* _AIM OF THE EXERCISE_
Repeat the lines below exactly as written, please, from the line with "by (intro measurable_restrict) auto" to the line with "define B where", both lines included, and no others.

* _Stored records_
━━━━━━
section \<open>Expected cost\<close>

locale tou_storage = prob_space P for P :: "'a measure" +
  fixes X :: "nat \<Rightarrow> 'a \<Rightarrow> real" and f :: "nat \<Rightarrow> real \<Rightarrow> real" and p :: "nat \<Rightarrow> real" and n :: nat
  assumes n_ge_2: "n \<ge> 2"
    and p_last_min: "\<forall>k\<in>{1..n}. p n \<le> p k"
    and p_nxt_neq: "\<forall>k\<in>{1..n}. p k \<noteq> p (nxt n k)"
    and indep_demands: "indep_vars (\<lambda>_. borel) X {1..n}"
    and demand_density: "\<forall>k\<in>{1..n}. distributed P lborel (X k) (\<lambda>x. ennreal (f k x))"
    and density_pos: "\<forall>k\<in>{1..n}. \<forall>x. f k x \<ge> 0 \<and> (f k x > 0 \<longleftrightarrow> x \<ge> 0)"
    and integrable_demand: "\<forall>k\<in>{1..n}. integrable P (X k)"
begin

lemma X_measurable[measurable]: "k \<in> {1..n} \<Longrightarrow> X k \<in> borel_measurable P"
  using distributed_measurable[OF demand_density[rule_format]] by simp

definition exp_cost :: "(nat \<Rightarrow> real) \<Rightarrow> real \<Rightarrow> nat \<Rightarrow> real \<Rightarrow> real" where
  "exp_cost a C i M = (\<integral>\<omega>. cost p a X n C i M \<omega> \<partial>P)"

definition cost_lip :: real where
  "cost_lip = (\<Sum>k\<in>{1..n}. 2 * \<bar>p k\<bar>)"

lemma cost_lip_nonneg: "0 \<le> cost_lip"
  unfolding cost_lip_def by (intro sum_nonneg) auto

lemma restrict_demands_measurable:
  "I \<subseteq> {1..n} \<Longrightarrow> (\<lambda>\<omega>. restrict (\<lambda>k. X k \<omega>) I) \<in> measurable P (PiM I (\<lambda>_. borel))"
  by (intro measurable_restrict) auto

lemma cost_measurable[measurable]: "cost p a X n C i M \<in> borel_measurable P"
proof -
  have "(\<lambda>\<omega>. cost p a coord n C i (fst (M, restrict (\<lambda>k. X k \<omega>) {i+1..n}))
                                 (snd (M, restrict (\<lambda>k. X k \<omega>) {i+1..n}))) \<in> borel_measurable P"
    by (rule measurable_compose[OF _ cost_coord_measurable])
      (intro measurable_Pair measurable_const restrict_demands_measurable; auto)
  moreover have "cost p a X n C i M = (\<lambda>\<omega>. cost p a coord n C i M (restrict (\<lambda>k. X k \<omega>) {i+1..n}))"
    by (rule ext) (rule cost_eq_cost_coord_restrict)
  ultimately show ?thesis by (simp only: fst_conv snd_conv)
qed

lemma cost_integrable: "integrable P (cost p a X n C i M)"
proof (rule Bochner_Integration.integrable_bound)
  define B where "B \<omega> = \<bar>C\<bar> + \<bar>M\<bar> + (\<Sum>k'\<in>{i+1..n}. \<bar>a k'\<bar> + \<bar>X k' \<omega>\<bar>)" for \<omega>
  have "integrable P B" unfolding B_def
    by (intro Bochner_Integration.integrable_add Bochner_Integration.integrable_sum integrable_const integrable_abs)
      (use integrable_demand in auto)
  then show "integrable P (\<lambda>\<omega>. \<Sum>k\<in>{i+1..n}. \<bar>p k\<bar> * (2 * B \<omega> + \<bar>X k \<omega>\<bar>))"
    by (intro Bochner_Integration.integrable_sum integrable_mult_right Bochner_Integration.integrable_add integrable_abs)
      (use integrable_demand in auto)
  show "AE \<omega> in P. norm (cost p a X n C i M \<omega>) \<le> norm (\<Sum>k\<in>{i+1..n}. \<bar>p k\<bar> * (2 * B \<omega> + \<bar>X k \<omega>\<bar>))"
  proof (rule AE_I2)
    fix \<omega>
    have "\<bar>cost p a X n C i M \<omega>\<bar>
        \<le> (\<Sum>k\<in>{i+1..n}. \<bar>p k * (level a X n C i M k \<omega> + X k \<omega> - level a X n C i M (k - 1) \<omega>)\<bar>)"
      unfolding cost_def by (rule sum_abs)
    also have "\<dots> \<le> (\<Sum>k\<in>{i+1..n}. \<bar>p k\<bar> * (2 * B \<omega> + \<bar>X k \<omega>\<bar>))"
    proof (intro sum_mono)
      fix k assume k: "k \<in> {i+1..n}"
      have "\<bar>level a X n C i M k \<omega> + X k \<omega> - level a X n C i M (k - 1) \<omega>\<bar> \<le> 2 * B \<omega> + \<bar>X k \<omega>\<bar>"
        using level_abs_le[of i k n a X C M \<omega>] level_abs_le[of i "k - 1" n a X C M \<omega>] k
        unfolding B_def by (intro abs_add_diff_le) auto
      then show "\<bar>p k * (level a X n C i M k \<omega> + X k \<omega> - level a X n C i M (k - 1) \<omega>)\<bar>
          \<le> \<bar>p k\<bar> * (2 * B \<omega> + \<bar>X k \<omega>\<bar>)"
        unfolding abs_mult by (intro mult_left_mono) auto
    qed
    finally show "norm (cost p a X n C i M \<omega>) \<le> norm (\<Sum>k\<in>{i+1..n}. \<bar>p k\<bar> * (2 * B \<omega> + \<bar>X k \<omega>\<bar>))"
      by simp
  qed
qed simp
━━━━━━
* _WRITTEN ANSWER_
  by (intro measurable_restrict) auto

lemma cost_measurable[measurable]: "cost p a X n C i M \<in> borel_measurable P"
proof -
  have "(\<lambda>\<omega>. cost p a coord n C i (fst (M, restrict (\<lambda>k. X k \<omega>) {i+1..n}))
                                 (snd (M, restrict (\<lambda>k. X k \<omega>) {i+1..n}))) \<in> borel_measurable P"
    by (rule measurable_compose[OF _ cost_coord_measurable])
      (intro measurable_Pair measurable_const restrict_demands_measurable; auto)
  moreover have "cost p a X n C i M = (\<lambda>\<omega>. cost p a coord n C i M (restrict (\<lambda>k. X k \<omega>) {i+1..n}))"
    by (rule ext) (rule cost_eq_cost_coord_restrict)
  ultimately show ?thesis by (simp only: fst_conv snd_conv)
qed

lemma cost_integrable: "integrable P (cost p a X n C i M)"
proof (rule Bochner_Integration.integrable_bound)
  define B where "B \<omega> = \<bar>C\<bar> + \<bar>M\<bar> + (\<Sum>k'\<in>{i+1..n}. \<bar>a k'\<bar> + \<bar>X k' \<omega>\<bar>)" for \<omega>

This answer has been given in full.